**TASK PROMPT**
Those lines of the records that contain "times" are to be located and copied.

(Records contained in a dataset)
====

lemma has_vector_derivative_Dth:
  assumes "smooth_on_strip t0 t1 f" "t \<in> {t0..t1}"
  shows "((\<lambda>\<phi>. f t \<phi>) has_vector_derivative Dth f t \<theta>) (at \<theta>)"
  using assms unfolding smooth_on_strip_def
  by (metis Dth_def dpart.simps(1) vector_derivative_works)

lemma has_vector_derivative_Dt:
  assumes "smooth_on_strip t0 t1 f" "t \<in> {t0..t1}"
  shows "((\<lambda>s. f s \<theta>) has_vector_derivative Dt t0 t1 f t \<theta>) (at t within {t0..t1})"
  using assms unfolding smooth_on_strip_def
  by (metis Dt_def dpart.simps(1) vector_derivative_works)

lemma continuous_on_strip:
  "smooth_on_strip t0 t1 f \<Longrightarrow> continuous_on ({t0..t1} \<times> UNIV) (\<lambda>(t, \<theta>). f t \<theta>)"
  unfolding smooth_on_strip_def by (metis dpart.simps(1))

lemma continuous_on_strip_time:
  assumes "smooth_on_strip t0 t1 f"
  shows "continuous_on {t0..t1} (\<lambda>s. f s \<theta>)"
proof -
  have "continuous_on {t0..t1} ((\<lambda>(t, \<theta>). f t \<theta>) \<circ> (\<lambda>s. (s, \<theta>)))"
    by (rule continuous_on_compose)
      (auto intro!: continuous_intros continuous_on_subset[OF continuous_on_strip[OF assms]])
  then show ?thesis by (simp add: o_def)
qed

lemma Dth_eqI: "((\<lambda>\<phi>. f t \<phi>) has_vector_derivative D) (at \<theta>) \<Longrightarrow> Dth f t \<theta> = D"
  by (simp add: Dth_def vector_derivative_at)

lemma Dt_eqI:
  "t0 < t1 \<Longrightarrow> t \<in> {t0..t1} \<Longrightarrow> ((\<lambda>s. f s \<theta>) has_vector_derivative D) (at t within {t0..t1})
    \<Longrightarrow> Dt t0 t1 f t \<theta> = D"
  unfolding Dt_def using vector_derivative_within_cbox[of t0 t1 t] by simp

lemma eq_integral_Dt:
  fixes f :: "real \<Rightarrow> real \<Rightarrow> 'b::banach"
  assumes "smooth_on_strip t0 t1 f" "t \<in> {t0..t1}"
  shows "f t \<theta> = f t0 \<theta> + integral {t0..t} (\<lambda>s. Dt t0 t1 f s \<theta>)"
proof -
  have "((\<lambda>s. Dt t0 t1 f s \<theta>) has_integral f t \<theta> - f t0 \<theta>) {t0..t}"
  proof (rule fundamental_theorem_of_calculus)
    fix s assume "s \<in> {t0..t}"
    with assms have "((\<lambda>s. f s \<theta>) has_vector_derivative Dt t0 t1 f s \<theta>) (at s within {t0..t1})"
      by (intro has_vector_derivative_Dt) auto
    then show "((\<lambda>s. f s \<theta>) has_vector_derivative Dt t0 t1 f s \<theta>) (at s within {t0..t})"
      by (rule has_vector_derivative_within_subset) (use assms in auto)
  qed (use assms in auto)
  then show ?thesis by (simp add: integral_unique)
qed

lemma Dth_eq_integral_Dth_Dt:
  fixes f :: "real \<Rightarrow> real \<Rightarrow> 'b::banach"
  assumes sm: "smooth_on_strip t0 t1 f" and t: "t \<in> {t0..t1}"
  shows "Dth f t \<theta> = Dth f t0 \<theta> + integral {t0..t} (\<lambda>s. Dth (Dt t0 t1 f) s \<theta>)"
proof -
  have t0: "t0 \<in> {t0..t1}" and sub: "cbox t0 t \<subseteq> {t0..t1}" using t by auto
  have sm': "smooth_on_strip t0 t1 (Dth (Dt t0 t1 f))"
    by (intro smooth_on_strip_Dth smooth_on_strip_Dt sm)
  have "((\<lambda>\<phi>. integral (cbox t0 t) (\<lambda>s. Dt t0 t1 f s \<phi>)) has_vector_derivative
          integral (cbox t0 t) (\<lambda>s. Dth (Dt t0 t1 f) s \<theta>)) (at \<theta> within UNIV)"
  proof (rule leibniz_rule_vector_derivative)
    fix \<phi> s assume "s \<in> cbox t0 t"
    with sub show "((\<lambda>\<phi>. Dt t0 t1 f s \<phi>) has_vector_derivative Dth (Dt t0 t1 f) s \<phi>) (at \<phi> within UNIV)"
      using has_vector_derivative_Dth[OF smooth_on_strip_Dt[OF sm], of s] by auto
  next
    fix \<phi> :: real
    show "(\<lambda>s. Dt t0 t1 f s \<phi>) integrable_on cbox t0 t"
      by (rule integrable_continuous)
        (rule continuous_on_subset[OF continuous_on_strip_time[OF smooth_on_strip_Dt[OF sm]] sub])
  next
    have "continuous_on (UNIV \<times> cbox t0 t) ((\<lambda>(s, \<phi>). Dth (Dt t0 t1 f) s \<phi>) \<circ> prod.swap)"
      by (rule continuous_on_compose[OF continuous_on_swap continuous_on_subset[OF continuous_on_strip[OF sm']]])
        (use sub in auto)
    then show "continuous_on (UNIV \<times> cbox t0 t) (\<lambda>(\<phi>, s). Dth (Dt t0 t1 f) s \<phi>)"
      by (simp add: o_def case_prod_beta)
  qed auto
  then have "((\<lambda>\<phi>. f t0 \<phi> + integral {t0..t} (\<lambda>s. Dt t0 t1 f s \<phi>)) has_vector_derivative
               Dth f t0 \<theta> + integral {t0..t} (\<lambda>s. Dth (Dt t0 t1 f) s \<theta>)) (at \<theta>)"
    by (intro has_vector_derivative_add has_vector_derivative_Dth[OF sm t0]) simp
  moreover have "(\<lambda>\<phi>. f t0 \<phi> + integral {t0..t} (\<lambda>s. Dt t0 t1 f s \<phi>)) = (\<lambda>\<phi>. f t \<phi>)"
    using eq_integral_Dt[OF sm t] by simp
  ultimately show ?thesis by (simp add: Dth_eqI)
qed

lemma Dt_Dth_commute:
  fixes f :: "real \<Rightarrow> real \<Rightarrow> 'b::banach"
  assumes sm: "smooth_on_strip t0 t1 f" and "t0 < t1" and t: "t \<in> {t0..t1}"
  shows "Dt t0 t1 (Dth f) t \<theta> = Dth (Dt t0 t1 f) t \<theta>"
proof (rule Dt_eqI[OF \<open>t0 < t1\<close> t])
  have "continuous_on {t0..t1} (\<lambda>s. Dth (Dt t0 t1 f) s \<theta>)"
    by (intro continuous_on_strip_time smooth_on_strip_Dth smooth_on_strip_Dt sm)
  then have "((\<lambda>s. Dth f t0 \<theta> + integral {t0..s} (\<lambda>s. Dth (Dt t0 t1 f) s \<theta>)) has_vector_derivative
               Dth (Dt t0 t1 f) t \<theta>) (at t within {t0..t1})"
    using integral_has_vector_derivative[OF _ t] by (auto intro!: derivative_eq_intros)
  moreover have "\<And>s. s \<in> {t0..t1} \<Longrightarrow>
      Dth f s \<theta> = Dth f t0 \<theta> + integral {t0..s} (\<lambda>s. Dth (Dt t0 t1 f) s \<theta>)"
    by (rule Dth_eq_integral_Dth_Dt[OF sm])
  ultimately show "((\<lambda>s. Dth f s \<theta>) has_vector_derivative Dth (Dt t0 t1 f) t \<theta>) (at t within {t0..t1})"
    by (rule has_vector_derivative_transform[OF t, rotated])
qed

section \<open>Planar curves\<close>

lemma det2_self [simp]: "det2 u u = 0"
  by (simp add: det2_def)

lemma has_real_derivative_det2 [derivative_intros]:
  assumes "(p has_vector_derivative p') (at x within S)" "(q has_vector_derivative q') (at x within S)"
  shows "((\<lambda>x. det2 (p x) (q x)) has_real_derivative det2 p' (q x) + det2 (p x) q') (at x within S)"
  unfolding det2_def using assms
  by (auto intro!: derivative_eq_intros simp: algebra_simps)

lemma has_real_derivative_norm:
  fixes p :: "real \<Rightarrow> 'a::real_inner"
  assumes p: "(p has_vector_derivative p') (at x within S)" and nz: "p x \<noteq> 0"
  shows "((\<lambda>x. norm (p x)) has_real_derivative (p x \<bullet> p') / norm (p x)) (at x within S)"
proof -
  have "((\<lambda>x. norm (p x)) has_derivative (\<lambda>h. (h *\<^sub>R p') \<bullet> sgn (p x))) (at x within S)"
    using has_derivative_compose[OF p[unfolded has_vector_derivative_def] has_derivative_norm[OF nz]] .
  moreover have "(\<lambda>h. (h *\<^sub>R p') \<bullet> sgn (p x)) = (*) ((p x \<bullet> p') / norm (p x))"
    by (auto simp: sgn_div_norm inner_commute field_simps)
  ultimately show ?thesis
    unfolding has_field_derivative_def by simp
qed

lemma has_real_derivative_curvature:
  fixes p q :: "real \<Rightarrow> complex"
  assumes p: "(p has_vector_derivative p') (at x within S)" and q: "(q has_vector_derivative q') (at x within S)"
    and nz: "p x \<noteq> 0"
  shows "((\<lambda>x. det2 (p x) (q x) / norm (p x) ^ 3) has_real_derivative
          (det2 p' (q x) + det2 (p x) q') / norm (p x) ^ 3
          - 3 * det2 (p x) (q x) * (p x \<bullet> p') / norm (p x) ^ 5) (at x within S)"
  using nz
  by (auto intro!: derivative_eq_intros has_real_derivative_norm[OF p nz] p q
      simp: field_simps power_eq_if)

lemma has_vector_derivative_sgn_complex:
  fixes p :: "real \<Rightarrow> complex"
  assumes p: "(p has_vector_derivative p') (at x within S)" and nz: "p x \<noteq> 0"
  shows "((\<lambda>x. sgn (p x)) has_vector_derivative
          \<i> * of_real (det2 (p x) p' / (norm (p x))\<^sup>2) * sgn (p x)) (at x within S)"
proof -
  define z where "z = p x"
  define n where "n = complex_of_real (norm z)"
  have n: "n \<noteq> 0" "cnj z * z = n\<^sup>2"
    using nz complex_norm_square[of z] by (simp_all add: z_def n_def mult.commute)
  have "((\<lambda>x. inverse (norm (p x))) has_real_derivative
          - (inverse (norm z))\<^sup>2 * ((z \<bullet> p') / norm z)) (at x within S)"
    using nz by (auto intro!: derivative_eq_intros has_real_derivative_norm[OF p nz]
        simp: z_def power2_eq_square)
  from has_vector_derivative_mult[OF has_vector_derivative_of_real[OF this] p]
  have "((\<lambda>x. sgn (p x)) has_vector_derivative
          of_real (inverse (norm z)) * p' - of_real ((z \<bullet> p') / norm z ^ 3) * z) (at x within S)"
    by (simp add: sgn_eq divide_inverse z_def power2_eq_square power3_eq_cube ac_simps)
  moreover have "\<i> * of_real (det2 z p' / (norm z)\<^sup>2) * sgn z + of_real ((z \<bullet> p') / norm z ^ 3) * z
      = of_real (inverse (norm z)) * p'"
  proof -
    have "\<i> * of_real (det2 z p' / (norm z)\<^sup>2) * sgn z + of_real ((z \<bullet> p') / norm z ^ 3) * z
        = (of_real (z \<bullet> p') + \<i> * of_real (det2 z p')) * z / n ^ 3"
      using n by (simp add: n_def sgn_eq field_simps power2_eq_square power3_eq_cube)
    also have "of_real (z \<bullet> p') + \<i> * of_real (det2 z p') = cnj z * p'"
      by (simp add: complex_eq_iff inner_complex_def det2_def)
    also have "cnj z * p' * z / n ^ 3 = of_real (inverse (norm z)) * p'"
      using n by (simp add: n_def field_simps power2_eq_square power3_eq_cube)
    finally show ?thesis .
  qed
  ultimately show ?thesis
    unfolding z_def by (metis add_diff_cancel_right')
qed

lemma inner_mult_sgn_complex: "z \<bullet> (w * sgn z) = Re w * norm z"
proof (cases "z = 0")
  case False
  have "z \<bullet> (w * sgn z) = Re (cnj z * (w * sgn z))"
    by (simp add: inner_complex_def)
  also have "cnj z * (w * sgn z) = w * of_real (norm z)"
    using False by (simp add: sgn_eq field_simps flip: complex_norm_square) (simp add: power2_eq_square)
  finally show ?thesis by simp
qed simp

section \<open>Horizontal paths of immersions\<close>

locale horizontal_path =
  fixes t0 t1 :: real and c :: "real \<Rightarrow> real \<Rightarrow> complex" and a :: "real \<Rightarrow> real \<Rightarrow> real"
  assumes interval: "t0 < t1"
    and smooth_c: "smooth_on_strip t0 t1 c"
    and smooth_a: "smooth_on_strip t0 t1 a"
    and immersion: "t \<in> {t0..t1} \<Longrightarrow> Dth c t \<theta> \<noteq> 0"
    and velocity: "t \<in> {t0..t1} \<Longrightarrow> Dt t0 t1 c t \<theta> = \<i> * of_real (a t \<theta>) * sgn (Dth c t \<theta>)"
begin

lemma has_vector_derivative_Dth_c:
  assumes "t \<in> {t0..t1}"
  shows "((\<lambda>\<phi>. Dth c t \<phi>) has_vector_derivative Dth (Dth c) t \<theta>) (at \<theta>)"
    and "((\<lambda>\<phi>. Dth (Dth c) t \<phi>) has_vector_derivative Dth (Dth (Dth c)) t \<theta>) (at \<theta>)"
    and "((\<lambda>\<phi>. Dth (Dth (Dth c)) t \<phi>) has_vector_derivative Dth (Dth (Dth (Dth c))) t \<theta>) (at \<theta>)"
  using smooth_c smooth_on_strip_Dth
  by (blast intro: has_vector_derivative_Dth[OF _ assms])+

lemma has_real_derivative_Dth_a:
  assumes "t \<in> {t0..t1}"
  shows "((\<lambda>\<phi>. a t \<phi>) has_real_derivative Dth a t \<theta>) (at \<theta>)"
    and "((\<lambda>\<phi>. Dth a t \<phi>) has_real_derivative Dth (Dth a) t \<theta>) (at \<theta>)"
  unfolding has_real_derivative_iff_has_vector_derivative using smooth_a smooth_on_strip_Dth
  by (blast intro: has_vector_derivative_Dth[OF _ assms])+
lemma norm_le_weighted: "norm z \<le> norm z * \<omega> s"
  using mult_left_mono[OF weight_ge_one, of "norm z" s] by simp

lemma l1norm_has_sum: "a \<in> l1w \<omega> \<Longrightarrow> ((\<lambda>s. norm (a s) * \<omega> s) has_sum l1norm \<omega> a) UNIV"
  by (simp add: l1w_def l1norm_def)

lemma l1w_weighted_summable: "a \<in> l1w \<omega> \<Longrightarrow> (\<lambda>s. norm (a s) * \<omega> s) summable_on A"
  using summable_on_subset_banach by (auto simp: l1w_def)

lemma l1w_abs_summable: "a \<in> l1w \<omega> \<Longrightarrow> (\<lambda>s. norm (a s)) summable_on A"
  by (rule summable_on_comparison_test[OF l1w_weighted_summable]) (use norm_le_weighted in auto)

lemma l1w_summable: "a \<in> l1w \<omega> \<Longrightarrow> a summable_on A"
  using abs_summable_summable l1w_abs_summable by blast

lemma l1norm_nonneg: "l1norm \<omega> a \<ge> 0"
  unfolding l1norm_def by (rule infsum_nonneg) (simp add: weight_pos less_imp_le)

lemma l1w_scale: "a \<in> l1w \<omega> \<Longrightarrow> (\<lambda>s. c * a s) \<in> l1w \<omega>"
  using summable_on_cmult_right[of "\<lambda>s. norm (a s) * \<omega> s" UNIV "norm c"]
  by (simp add: l1w_def norm_mult mult.assoc)

lemma l1w_finite_support: "finite A \<Longrightarrow> (\<And>x. x \<notin> A \<Longrightarrow> a x = 0) \<Longrightarrow> a \<in> l1w \<omega>"
  unfolding l1w_def summable_on_def mem_Collect_eq
  by (rule exI, rule has_sum_finite_neutralI[of A]) auto

lemma l1w_zero: "(\<lambda>s. 0) \<in> l1w \<omega>"
  by (simp add: l1w_def)

lemma dirac_l1w: "dirac s \<in> l1w \<omega>"
  by (rule l1w_finite_support[of "{s}"]) (auto simp: dirac_def)

lemma l1norm_scaled_dirac: "l1norm \<omega> (\<lambda>x. c * dirac s x) = norm c * \<omega> s"
proof -
  have "((\<lambda>x. norm (c * dirac s x) * \<omega> x) has_sum (norm c * \<omega> s)) UNIV"
    by (rule has_sum_finite_neutralI[of "{s}"]) (auto simp: dirac_def)
  then show ?thesis unfolding l1norm_def by (rule infsumI)
qed

lemma pair_family_summable:
  assumes a: "a \<in> l1w \<omega>" and b: "b \<in> l1w \<omega>"
  defines "Q \<equiv> \<lambda>p. (norm (a (fst p)) * \<omega> (fst p)) * (norm (b (snd p)) * \<omega> (snd p))"
  shows "(Q has_sum (l1norm \<omega> a * l1norm \<omega> b)) UNIV"
    and "Q summable_on X"
    and "(\<lambda>p. norm (a (fst p) * b (snd p))) summable_on X"
    and "(\<lambda>p. a (fst p) * b (snd p)) summable_on X"
proof -
  show Q: "(Q has_sum (l1norm \<omega> a * l1norm \<omega> b)) UNIV"
    using has_sum_product_nonneg[of "\<lambda>s. norm (a s) * \<omega> s" UNIV "\<lambda>s. norm (b s) * \<omega> s" UNIV] a b
    by (auto simp: Q_def l1w_def l1norm_def weight_pos less_imp_le)
  then show Q_summable: "Q summable_on X" for X
    using summable_on_subset_banach[of Q UNIV X] by (auto simp: summable_on_def)
  have "norm (a (fst p) * b (snd p)) \<le> Q p" for p
    unfolding norm_mult Q_def
    by (rule mult_mono[OF norm_le_weighted norm_le_weighted]) (auto simp: weight_pos less_imp_le)
  then show abs: "(\<lambda>p. norm (a (fst p) * b (snd p))) summable_on X" for X
    by (intro summable_on_comparison_test[OF Q_summable]) auto
  show "(\<lambda>p. a (fst p) * b (snd p)) summable_on X"
    by (rule abs_summable_summable[OF abs])
qed

lemma sum_over_fibres:
  fixes P :: "'a \<times> 'a \<Rightarrow> 'b::banach"
  assumes "P summable_on {p. fst p \<^bold>* snd p \<in> T}"
  shows "(\<lambda>t. infsum P {p. fst p \<^bold>* snd p = t}) summable_on T"
    and "infsum (\<lambda>t. infsum P {p. fst p \<^bold>* snd p = t}) T = infsum P {p. fst p \<^bold>* snd p \<in> T}"
proof -
  have fibres: "Sigma T (\<lambda>t. {p. fst p \<^bold>* snd p = t}) = (\<lambda>p. (fst p \<^bold>* snd p, p)) ` {p. fst p \<^bold>* snd p \<in> T}"
    by auto
  have inj: "inj_on (\<lambda>p. (fst p \<^bold>* snd p, p)) X" for X by (auto simp: inj_on_def)
  have summable: "(\<lambda>(t, p). P p) summable_on Sigma T (\<lambda>t. {p. fst p \<^bold>* snd p = t})"
    unfolding fibres by (subst summable_on_reindex[OF inj]) (simp add: o_def assms)
  then show "(\<lambda>t. infsum P {p. fst p \<^bold>* snd p = t}) summable_on T"
    by (rule summable_on_Sigma_banach)
  have "infsum (\<lambda>t. infsum P {p. fst p \<^bold>* snd p = t}) T
      = infsum (\<lambda>(t, p). P p) (Sigma T (\<lambda>t. {p. fst p \<^bold>* snd p = t}))"
    by (rule infsum_Sigma'_banach[OF summable])
  also have "\<dots> = infsum P {p. fst p \<^bold>* snd p \<in> T}"
    unfolding fibres by (subst infsum_reindex[OF inj]) (simp add: o_def)
  finally show "infsum (\<lambda>t. infsum P {p. fst p \<^bold>* snd p = t}) T = infsum P {p. fst p \<^bold>* snd p \<in> T}" .
qed

lemma conv_l1w:
  assumes a: "a \<in> l1w \<omega>" and b: "b \<in> l1w \<omega>"
  shows "conv f a b \<in> l1w \<omega>" and "l1norm \<omega> (conv f a b) \<le> l1norm \<omega> a * l1norm \<omega> b"
proof -
  let ?B = "\<lambda>t. {p. fst p \<^bold>* snd p = t}"
  let ?P = "\<lambda>p. a (fst p) * b (snd p)"
  let ?Q = "\<lambda>p. (norm (a (fst p)) * \<omega> (fst p)) * (norm (b (snd p)) * \<omega> (snd p))"
  note family = pair_family_summable[OF a b]
  have R: "(\<lambda>t. infsum ?Q (?B t)) summable_on UNIV"
    and R_sum: "infsum (\<lambda>t. infsum ?Q (?B t)) UNIV = l1norm \<omega> a * l1norm \<omega> b"
    using sum_over_fibres[of ?Q UNIV] family(1,2) by (simp_all add: infsumI)
  have bound: "norm (conv f a b t) * \<omega> t \<le> infsum ?Q (?B t)" for t
  proof -
    have "norm (conv f a b t) * \<omega> t \<le> infsum (\<lambda>p. norm (?P p)) (?B t) * \<omega> t"
      unfolding conv_def
      by (rule mult_right_mono[OF norm_infsum_bound[OF family(3)]]) (simp add: weight_pos less_imp_le)
    also have "\<dots> = infsum (\<lambda>p. norm (?P p) * \<omega> t) (?B t)"
      by (rule infsum_cmult_left[symmetric]) (use family(3) in auto)
    also have "\<dots> \<le> infsum ?Q (?B t)"
    proof (rule infsum_mono[OF summable_on_cmult_left[OF family(3)] family(2)])
      fix p assume "p \<in> ?B t"
      then have "\<omega> t \<le> \<omega> (fst p) * \<omega> (snd p)" using weight_submult by auto
      then have "norm (?P p) * \<omega> t \<le> norm (?P p) * (\<omega> (fst p) * \<omega> (snd p))"
        by (rule mult_left_mono) simp
      then show "norm (?P p) * \<omega> t \<le> ?Q p" by (simp add: norm_mult algebra_simps)
    qed
    finally show ?thesis .
  qed
  have summable: "(\<lambda>t. norm (conv f a b t) * \<omega> t) summable_on UNIV"
    by (rule summable_on_comparison_test[OF R]) (use bound in \<open>auto simp: weight_pos less_imp_le\<close>)
  then show "conv f a b \<in> l1w \<omega>" by (simp add: l1w_def)
  have "l1norm \<omega> (conv f a b) \<le> infsum (\<lambda>t. infsum ?Q (?B t)) UNIV"
    unfolding l1norm_def by (rule infsum_mono[OF summable R bound])
  with R_sum show "l1norm \<omega> (conv f a b) \<le> l1norm \<omega> a * l1norm \<omega> b" by simp
qed

lemma conv_dirac: "conv f (\<lambda>x. c * dirac s x) (\<lambda>x. d * dirac t x) = (\<lambda>x. (c * d) * dirac (s \<^bold>* t) x)"
proof
  fix x
  let ?g = "\<lambda>p. c * dirac s (fst p) * (d * dirac t (snd p))"
  have "conv f (\<lambda>x. c * dirac s x) (\<lambda>x. d * dirac t x) x = infsum ?g {p. fst p \<^bold>* snd p = x}"
    by (simp add: conv_def)
  also have "\<dots> = infsum ?g ({(s, t)} \<inter> {p. fst p \<^bold>* snd p = x})"
    by (rule infsum_cong_neutral) (auto simp: dirac_def)
  also have "\<dots> = (c * d) * dirac (s \<^bold>* t) x"
    by (cases "s \<^bold>* t = x") (auto simp: dirac_def)
  finally show "conv f (\<lambda>x. c * dirac s x) (\<lambda>x. d * dirac t x) x = (c * d) * dirac (s \<^bold>* t) x" .
qed

text \<open>Summing over a filter F is multiplicative on convolutions: the pairs whose product
  lies in F are exactly F \<times> F.\<close>

lemma filter_sum_conv:
  assumes a: "a \<in> l1w \<omega>" and b: "b \<in> l1w \<omega>" and F: "sl_filter (\<^bold>*) F"
  shows "infsum (conv f a b) F = infsum a F * infsum b F"
proof -
  let ?P = "\<lambda>p. a (fst p) * b (snd p)"
  have pairs: "{p. fst p \<^bold>* snd p \<in> F} = F \<times> F" using F by (auto simp: sl_filter_def)
  have "infsum (conv f a b) F = infsum (\<lambda>t. infsum ?P {p. fst p \<^bold>* snd p = t}) F"
    by (simp add: conv_def)
  also have "\<dots> = infsum ?P (F \<times> F)"
    using sum_over_fibres(2)[of ?P F] pair_family_summable(4)[OF a b] pairs by simp
  also have "\<dots> = infsum a F * infsum b F"
    by (rule infsumI[OF has_sum_product[OF l1w_abs_summable[OF a] l1w_abs_summable[OF b]]])
  finally show ?thesis .
qed

text \<open>Since \<omega> \<ge> 1, summing over any set is bounded by the weighted norm.\<close>

lemma filter_sum_bound: "a \<in> l1w \<omega> \<Longrightarrow> norm (infsum a F) \<le> l1norm \<omega> a"
proof -
  assume a: "a \<in> l1w \<omega>"
  have "norm (infsum a F) \<le> infsum (\<lambda>s. norm (a s)) F"
    by (rule norm_infsum_bound[OF l1w_abs_summable[OF a]])
  also have "\<dots> \<le> infsum (\<lambda>s. norm (a s) * \<omega> s) F"
    by (rule infsum_mono[OF l1w_abs_summable[OF a] l1w_weighted_summable[OF a]])
      (rule norm_le_weighted)
  also have "\<dots> \<le> l1norm \<omega> a" unfolding l1norm_def
    by (rule infsum_mono_neutral[OF l1w_weighted_summable[OF a] l1w_weighted_summable[OF a]])
      (auto simp: weight_pos less_imp_le)
  finally show ?thesis .
qed

lemma filter_character:
  assumes "sl_filter (\<^bold>*) F"
  shows "mult_fun f \<omega> (\<lambda>a. infsum a F)"
  unfolding mult_fun_def bdd_lin_fun_iff linear_fun_def
  using infsum_add[OF l1w_summable l1w_summable] infsum_cmult_right[OF l1w_summable]
    filter_sum_bound filter_sum_conv[OF _ _ assms]
  by (auto intro!: exI[of _ 1])

lemma filter_sum_dirac: "infsum (dirac s) F = (if s \<in> F then 1 else 0)"
proof -
  have "infsum (dirac s) F = infsum (dirac s) ({s} \<inter> F)"
    by (rule infsum_cong_neutral) (auto simp: dirac_def)
  then show ?thesis by (cases "s \<in> F") (auto simp: dirac_def)
qed

lemma linear_fun_zero: "linear_fun \<omega> h \<Longrightarrow> h (\<lambda>s. 0) = 0"
  using linear_fun_scale[OF _ l1w_zero, of h 0] by simp

lemma linear_fun_finite_support:
  assumes h: "linear_fun \<omega> h" and "finite A"
  shows "h (\<lambda>x. if x \<in> A then a x else 0) = (\<Sum>s\<in>A. a s * h (dirac s))"
  using \<open>finite A\<close>
proof (induction A)
  case empty
  then show ?case using linear_fun_zero[OF h] by simp
next
  case (insert s A)
  have split: "(\<lambda>x. if x \<in> insert s A then a x else 0)
             = (\<lambda>x. (if x \<in> A then a x else 0) + a s * dirac s x)"
    using insert.hyps by (auto simp: dirac_def fun_eq_iff)
  have "(\<lambda>x. if x \<in> A then a x else 0) \<in> l1w \<omega>"
    by (rule l1w_finite_support[OF insert.hyps(1)]) auto
  then have "h (\<lambda>x. if x \<in> insert s A then a x else 0)
           = h (\<lambda>x. if x \<in> A then a x else 0) + a s * h (dirac s)"
    unfolding split using linear_fun_add[OF h _ l1w_scale[OF dirac_l1w]] linear_fun_scale[OF h dirac_l1w]
    by simp
  with insert show ?case by (simp add: add.commute)
qed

====

**WRITTEN REPLY**
  "smooth_on_strip t0 t1 f \<Longrightarrow> continuous_on ({t0..t1} \<times> UNIV) (\<lambda>(t, \<theta>). f t \<theta>)"
    have "continuous_on (UNIV \<times> cbox t0 t) ((\<lambda>(s, \<phi>). Dth (Dt t0 t1 f) s \<phi>) \<circ> prod.swap)"
    then show "continuous_on (UNIV \<times> cbox t0 t) (\<lambda>(\<phi>, s). Dth (Dt t0 t1 f) s \<phi>)"
  fixes P :: "'a \<times> 'a \<Rightarrow> 'b::banach"
  lies in F are exactly F \<times> F.\<close>
  have pairs: "{p. fst p \<^bold>* snd p \<in> F} = F \<times> F" using F by (auto simp: sl_filter_def)
  also have "\<dots> = infsum ?P (F \<times> F)"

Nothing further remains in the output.